28 Apr 2017 - Rajesh Ranganath - Implicit Models and Posterior Approximations.

Just a reminder that this Friday (4/28) at 11:00am in the Z6 fishbowl, we'll have a guest, Rajesh Ranganath, presenting on "Implicit Models and Posterior Approximations." (abstract below). For those who are unfamiliar, Rajesh has done a lot of interesting work on probabilistic generative modeling and variational inference, so if you're interested in machine learning, definitely plan to attend--it should be a great talk.
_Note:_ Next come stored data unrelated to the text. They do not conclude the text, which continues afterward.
lemma boundary_stays_joined_without_S:
  assumes "graph V E" and cap: "captures (V - S) E (nbhd E S) 3 T" and ST: "S \<union> nbhd E S \<subseteq> T"
    and H: "component_of (V - T) E H" and xy: "x \<in> nbhd E H" "y \<in> nbhd E H" "x \<noteq> y"
    and Z: "finite Z" "card Z \<le> 2" "x \<notin> Z" "y \<notin> Z"
    and conn: "joined (V - Z) (delete_edges E {{x, y}}) x y"
  shows "joined (V - S - Z) (delete_edges E {{x, y}}) x y"
proof (rule ccontr)
  let ?E' = "delete_edges E {{x, y}}"
  assume nc: "\<not> joined (V - S - Z) ?E' x y"
  have symp: "symp E" "symp ?E'" using graph_symp[OF assms(1)] symp_delete_edges by blast+
  have "?E' \<le> E" by (rule delete_edges_le)
  have HT: "H \<subseteq> V - T" using H by (rule component_of_subset)
  have "x \<in> V - S" "y \<in> V - S"
    using nbhd_subset_if_disjoint[OF assms(1), of H S] HT ST xy by blast+
  have swap: "V - Z - S = V - S - Z" by blast
  obtain u v where uv: "u \<in> nbhd E S" "v \<in> nbhd E S"
    "joined (V - S - Z) ?E' x u" "joined (V - S - Z) ?E' v y"
    using joined_via_boundary[OF symp(2) \<open>?E' \<le> E\<close> conn, of S, unfolded swap]
      nc \<open>x \<in> V - S\<close> \<open>y \<in> V - S\<close> by blast
  obtain h where h: "h \<in> H" "E x h" "x \<notin> H" by (rule nbhd_memE[OF symp(1) xy(1)])
  obtain h' where h': "h' \<in> H" "E y h'" "y \<notin> H" by (rule nbhd_memE[OF symp(1) xy(2)])
  have "joined (V - S - (Z - H)) ?E' x y"
  proof (rule joined_through_connected[OF component_of_joined[OF symp(1) H] _ _ _ h(3) h'(3) h(1,2) h'(1)])
    show "H \<subseteq> V - S - (Z - H)" using HT ST by blast
    show "x \<in> V - S - (Z - H)" "y \<in> V - S - (Z - H)" using \<open>x \<in> V - S\<close> \<open>y \<in> V - S\<close> Z by auto
    show "E h' y" using symp(1) h'(2) by (rule sympD)
  qed
  moreover have "joined (V - S - (Z - H)) ?E' u x"
    using joined_sym[OF symp(2) uv(3)] by (rule joined_mono) auto
  moreover have "joined (V - S - (Z - H)) ?E' y v"
    using joined_sym[OF symp(2) uv(4)] by (rule joined_mono) auto
  ultimately have "joined (V - S - (Z - H)) ?E' u v" by (meson joined_trans)
  then have "joined (V - S - Z) ?E' u v"
    using captures_reroute[OF cap uv(1,2) _ xy(3) Z(1,2)] HT by blast
  then have "joined (V - S - Z) ?E' x y" using uv(3,4) by (meson joined_trans)
  with nc show False ..
qed

lemma component_boundary_three_connected:
  assumes "graph V E" "cubic V E" "three_connected V E"
    and cap: "captures (V - S) E (nbhd E S) 3 T" and ST: "S \<union> nbhd E S \<subseteq> T"
    and H: "component_of (V - T) E H"
  shows "set_three_connected_in (nbhd E H) (V - S) E"
proof (rule set_three_connected_inI)
  fix x y assume xy: "x \<in> nbhd E H" "y \<in> nbhd E H" "x \<noteq> y"
  have "x \<in> V - S" "y \<in> V - S"
    using nbhd_subset_if_disjoint[OF assms(1), of H S] component_of_subset[OF H] ST xy by blast+
  then show "\<exists>PP. card PP = 3 \<and> (\<forall>p\<in>PP. is_path (V - S) E p x y) \<and> disjoint_family_on interior PP"
  proof (intro three_internally_disjoint_paths[OF graph_symp[OF assms(1)] _ _ xy(3)])
    fix Z assume Z: "finite Z" "card Z + of_bool (E x y) \<le> 2" "x \<notin> Z" "y \<notin> Z"
    have "joined (V - Z) (delete_edges E {{x, y}}) x y"
    proof (cases "E x y")
      case True
      with Z(2) have "card Z \<le> 1" by simp
      with True show ?thesis using cubic_joined_without_edge[OF assms(1-3) True Z(1) _ Z(3,4)] by blast
    next
      case False
      with Z(2) have "card Z \<le> 2" by simp
      then have "joined (V - Z) E x y"
        using three_connected_joined[OF assms(3) Z(1)] Z(3,4) \<open>x \<in> V - S\<close> \<open>y \<in> V - S\<close> by blast
      then show ?thesis using delete_edges_non_edge[OF graph_symp[OF assms(1)] False] by simp
    qed
    moreover have "card Z \<le> 2" using Z(2) by simp
    ultimately show "joined (V - S - Z) (delete_edges E {{x, y}}) x y"
      using boundary_stays_joined_without_S[OF assms(1) cap ST H xy Z(1) _ Z(3,4)] by blast
  qed
qed
lemma sum_subset_pairs_by_union_inter:
  fixes g :: "'i set \<Rightarrow> 'i set \<Rightarrow> 'a::comm_semiring_1"
  assumes I: "finite I"
  shows "(\<Sum>P\<in>{P. P \<subseteq> I \<and> card P = p}. \<Sum>Q\<in>{Q. Q \<subseteq> I \<and> card Q = q}. g (P \<union> Q) (P \<inter> Q))
       = (\<Sum>a\<le>min p q. of_nat ((p + q - 2 * a) choose (p - a)) *
            (\<Sum>S\<in>{S. S \<subseteq> I \<and> card S = p + q - a}. \<Sum>A\<in>{A. A \<subseteq> S \<and> card A = a}. g S A))"
  (is "?lhs = ?rhs")
proof -
  define D where "D = {P. P \<subseteq> I \<and> card P = p} \<times> {Q. Q \<subseteq> I \<and> card Q = q}"
  define U where "U = (SIGMA a:{..min p q}. SIGMA S:{S. S \<subseteq> I \<and> card S = p + q - a}.
                         {A. A \<subseteq> S \<and> card A = a})"
  define \<phi> :: "'i set \<times> 'i set \<Rightarrow> nat \<times> 'i set \<times> 'i set" where "\<phi> = (\<lambda>(P, Q). (card (P \<inter> Q), P \<union> Q, P \<inter> Q))"
  define c where "c = (\<lambda>a. of_nat ((p + q - 2 * a) choose (p - a)) :: 'a)"
  have fin_D: "finite D" and fin_U: "finite U"
    unfolding D_def U_def using I
    by (auto intro!: finite_SigmaI finite_subsets_with_card intro: finite_subset)
  have \<phi>_D: "\<phi> ` D \<subseteq> U"
  proof
    fix y assume "y \<in> \<phi> ` D"
    then obtain P Q where y: "y = \<phi> (P, Q)"
      and PQ: "P \<subseteq> I" "Q \<subseteq> I" "card P = p" "card Q = q"
      unfolding D_def by auto
    have fin: "finite P" "finite Q" using PQ I finite_subset by auto
    have "card (P \<union> Q) + card (P \<inter> Q) = p + q" using card_Un_Int[OF fin] PQ by simp
    moreover have "card (P \<inter> Q) \<le> p" "card (P \<inter> Q) \<le> q" using PQ fin by (auto intro: card_mono)
    ultimately show "y \<in> U" unfolding y \<phi>_def U_def using PQ by auto
  qed
  have fibre: "card {z \<in> D. \<phi> z = (a, S, A)} = (p + q - 2 * a) choose (p - a)" if "(a, S, A) \<in> U" for a S A
  proof -
    from that have "S \<subseteq> I" "A \<subseteq> S" "card A = a" "card S = p + q - a" "a \<le> p" "a \<le> q"
      unfolding U_def by auto
    moreover from this have "{z \<in> D. \<phi> z = (a, S, A)}
        = {(P, Q). card P = p \<and> card Q = q \<and> P \<union> Q = S \<and> P \<inter> Q = A}"
      unfolding D_def \<phi>_def by auto
    ultimately show ?thesis using I by (simp add: card_subset_pairs_with_union_inter finite_subset)
  qed
  have "?lhs = (\<Sum>z\<in>D. (\<lambda>(a, S, A). g S A) (\<phi> z))"
    unfolding D_def \<phi>_def sum.cartesian_product by (simp add: case_prod_beta)
  also have "\<dots> = (\<Sum>y\<in>U. \<Sum>z\<in>{z \<in> D. \<phi> z = y}. (\<lambda>(a, S, A). g S A) (\<phi> z))"
    using fin_D fin_U \<phi>_D by (rule sum.group[symmetric])
  also have "\<dots> = (\<Sum>(a, S, A)\<in>U. c a * g S A)"
    unfolding c_def by (intro sum.cong refl) (auto simp: fibre)
  also have "\<dots> = (\<Sum>a\<le>min p q. \<Sum>(S, A)\<in>(SIGMA S:{S. S \<subseteq> I \<and> card S = p + q - a}.
                                    {A. A \<subseteq> S \<and> card A = a}). c a * g S A)"
    unfolding U_def using I
    by (subst sum.Sigma[symmetric]) (auto intro!: finite_SigmaI finite_subsets_with_card intro: finite_subset)
  also have "\<dots> = ?rhs"
    unfolding c_def sum_distrib_left using I
    by (intro sum.cong refl, subst sum.Sigma[symmetric]) (auto intro!: finite_subsets_with_card intro: finite_subset)
  finally show ?thesis .
qed

lemma esym_mult:
  assumes "finite I"
  shows "esym I x p * esym I x q
           = (\<Sum>a\<le>min p q. of_nat ((p + q - 2 * a) choose (p - a)) * msym21 I x a (p + q - 2 * a))"
proof -
  have "esym I x p * esym I x q
          = (\<Sum>P\<in>{P. P \<subseteq> I \<and> card P = p}. \<Sum>Q\<in>{Q. Q \<subseteq> I \<and> card Q = q}.
               (\<Prod>i\<in>P \<union> Q. x i) * (\<Prod>i\<in>P \<inter> Q. x i))"
    unfolding esym_def sum_product
  proof (intro sum.cong refl)
    fix P Q assume "P \<in> {P. P \<subseteq> I \<and> card P = p}" "Q \<in> {Q. Q \<subseteq> I \<and> card Q = q}"
    then have "finite P" "finite Q" using assms finite_subset by auto
    then show "prod x P * prod x Q = (\<Prod>i\<in>P \<union> Q. x i) * (\<Prod>i\<in>P \<inter> Q. x i)"
      by (simp add: prod.union_inter)
  qed
  also have "\<dots> = (\<Sum>a\<le>min p q. of_nat ((p + q - 2 * a) choose (p - a)) *
                     (\<Sum>S\<in>{S. S \<subseteq> I \<and> card S = p + q - a}. \<Sum>A\<in>{A. A \<subseteq> S \<and> card A = a}.
                        (\<Prod>i\<in>S. x i) * (\<Prod>i\<in>A. x i)))"
    by (rule sum_subset_pairs_by_union_inter[OF assms])
  also have "\<dots> = (\<Sum>a\<le>min p q. of_nat ((p + q - 2 * a) choose (p - a)) * msym21 I x a (p + q - 2 * a))"
    unfolding msym21_def by (intro sum.cong refl) (simp add: numeral_2_eq_2)
  finally show ?thesis .
qed

lemma msym21_eq_0:
  assumes "finite I" "card I < a + b"
  shows "msym21 I x a b = 0"
proof -
  have "{S. S \<subseteq> I \<and> card S = a + b} = {}"
    using assms card_mono[OF assms(1)] by (metis (mono_tags, lifting) empty_Collect_eq not_le)
  then show ?thesis unfolding msym21_def by (simp only: sum.empty)
qed

lemma msym21_top:
  assumes "finite I" "a \<le> card I"
  shows "msym21 I x a (card I - a) = esym I x (card I) * esym I x a"
proof -
  have top: "{S. S \<subseteq> I \<and> card S = card I} = {I}"
    using card_subset_eq[OF assms(1)] by blast
  show ?thesis
    unfolding msym21_def esym_def using assms(2) by (simp add: top sum_distrib_left)
qed
(* Let $\mathbf{X}=(X_n)_{n\ge0}$ be a second-order stationary process with spectral density $f_X$ on $[-\pi,\pi)$ having finitely many, $N_X\ge1$, singular frequencies. Let $k\ge1$ be an integer and $Y_n=X_{kn}$ (deterministic sampling), and let $N_Y$ be the number of singular frequencies of the spectral density $f_Y$ of $\mathbf{Y}$. Then (a) $1\le N_Y\le N_X$; (b) $N_Y<N_X$ if and only if $f_X$ has at least two singular frequencies $\lambda_0\ne\lambda_1$ such that $\lambda_0-\lambda_1=\frac{2\pi j^*}{k}$ for some integer $j^*$.
   Context: A singular frequency of a spectral density $f$ on $[-\pi,\pi)$ is a point $\lambda_0\in[-\pi,\pi)$ at which $f$ is unbounded (i.e. $f$ is unbounded on every neighbourhood of $\lambda_0$). For deterministic sampling with step $k$ the spectral density of $\mathbf{Y}$ is $f_Y(\lambda)=\frac{1}{2\ell+1}\sum_{j=-\ell}^{\ell}f_X\big(\frac{\lambda-2\pi j}{2\ell+1}\big)$ if $k=2\ell+1$, and $f_Y(\lambda)=\frac{1}{2\ell}\Big(\sum_{j=-\ell+1}^{\ell-1}f_X\big(\frac{\lambda-2\pi j}{2\ell}\big)+f_X\big(\frac{\lambda-2\pi\ell\,\mathrm{sgn}(\lambda)}{2\ell}\big)\Big)$ if $k=2\ell$. *)

theory Defs
  imports "HOL-Analysis.Analysis"
begin

definition circ_near :: "real \<Rightarrow> real \<Rightarrow> real \<Rightarrow> bool" where
  "circ_near x0 \<epsilon> x \<longleftrightarrow> (\<exists>m::int. \<bar>x - x0 - 2 * pi * of_int m\<bar> < \<epsilon>)"

definition singular_freq :: "(real \<Rightarrow> real) \<Rightarrow> real \<Rightarrow> bool" where
  "singular_freq f x0 \<longleftrightarrow> x0 \<in> {-pi..<pi} \<and>
     (\<forall>\<epsilon>>0. \<not> (\<exists>B. \<forall>x\<in>{-pi..<pi}. circ_near x0 \<epsilon> x \<longrightarrow> \<bar>f x\<bar> \<le> B))"

definition singular_freqs :: "(real \<Rightarrow> real) \<Rightarrow> real set" where
  "singular_freqs f = {x. singular_freq f x}"

text \<open>Spectral density of the deterministically sampled process Y_n = X_(kn).\<close>
definition sampled_density :: "nat \<Rightarrow> (real \<Rightarrow> real) \<Rightarrow> real \<Rightarrow> real" where
  "sampled_density k f x =
     (let l = int (k div 2) in
      if odd k then
        (1 / real k) * (\<Sum>j\<in>{-l..l}. f ((x - 2 * pi * of_int j) / real k))
      else
        (1 / real k) * ((\<Sum>j\<in>{-l+1..l-1}. f ((x - 2 * pi * of_int j) / real k))
                        + f ((x - 2 * pi * of_int l * sgn x) / real k)))"

end

theory Submission
  imports Defs
begin

text \<open>For \<open>x\<close> in \<open>[-pi,pi)\<close>, every term of \<open>k f\<^sub>Y(x)\<close> is a value of \<open>f\<^sub>X\<close> at one of the \<open>k\<close>
  points \<open>a \<in> [-pi,pi)\<close> with \<open>k a = x\<close> mod \<open>2 pi\<close> (the fibre of \<open>x\<close> under the \<open>k\<close>-fold covering
  \<open>t \<mapsto> k t\<close> of the circle), and every such \<open>a \<noteq> -pi\<close> occurs as a term. Hence \<open>f\<^sub>Y\<close> stays
  bounded near \<open>\<mu>\<close> whenever \<open>f\<^sub>X\<close> is bounded near each of the finitely many points over \<open>\<mu>\<close>;
  conversely, as \<open>f\<^sub>X \<ge> 0\<close>, the single term \<open>f\<^sub>X(t) \<le> k f\<^sub>Y(k t mod 2 pi)\<close> carries a blow-up of
  \<open>f\<^sub>X\<close> at \<open>\<lambda>\<close> to one of \<open>f\<^sub>Y\<close> at \<open>k \<lambda> mod 2 pi\<close>. So the singular frequencies of \<open>f\<^sub>Y\<close> are
  exactly the images of those of \<open>f\<^sub>X\<close> under \<open>t \<mapsto> k t mod 2 pi\<close>, and the count drops precisely
  when two of them share an image, i.e. differ by a multiple of \<open>2 pi / k\<close>.\<close>

definition wrap_angle :: "real \<Rightarrow> real" where
  "wrap_angle y = y - 2 * pi * of_int \<lfloor>(y + pi) / (2 * pi)\<rfloor>"

lemma wrap_angle_eq_frac: "wrap_angle y = 2 * pi * frac ((y + pi) / (2 * pi)) - pi"
  by (simp add: wrap_angle_def frac_def field_simps)

lemma wrap_angle_in_range: "wrap_angle y \<in> {-pi..<pi}"
  using frac_ge_0 frac_lt_1 by (simp add: wrap_angle_eq_frac)

lemma wrap_angle_shift: "\<exists>n::int. wrap_angle y = y - 2 * pi * of_int n"
  unfolding wrap_angle_def by blast

lemma wrap_angle_periodic: "wrap_angle (y + 2 * pi * of_int n) = wrap_angle y"
proof -
  have "(y + 2 * pi * of_int n + pi) / (2 * pi) = (y + pi) / (2 * pi) + of_int n"
    by (simp add: field_simps)
  then show ?thesis
    by (simp add: wrap_angle_def algebra_simps)
qed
Implicit Models and Posterior Approximations.

Abstract:
Probabilistic generative models tell stories about how data were generated. These stories uncover hidden patterns (latent states) and form the basis for predictions. Traditionally, probabilistic generative models provide a score for generated samples via a tractable likelihood function. The requirement of the score limits the flexibility of these models. For example, in many physical models we can generate samples, but not compute their likelihood --- such models defined only by their sampling process are called implicit models. In the first part of the talk I will present a family of implicit models that combine hierarchical Bayesian models with deep models. The main computational task in working with probabilistic generative models is computing the distribution of the latent states given data: posterior inference. Posterior inference cast as optimization over an approximating family is variational inference. The accuracy of variational inference hinges on the expressivity of the approximating family. In the second part of this talk, I will present multiple types of implicit variational approximations for both traditional and implicit models. Along the way, we'll explore models for text and regression.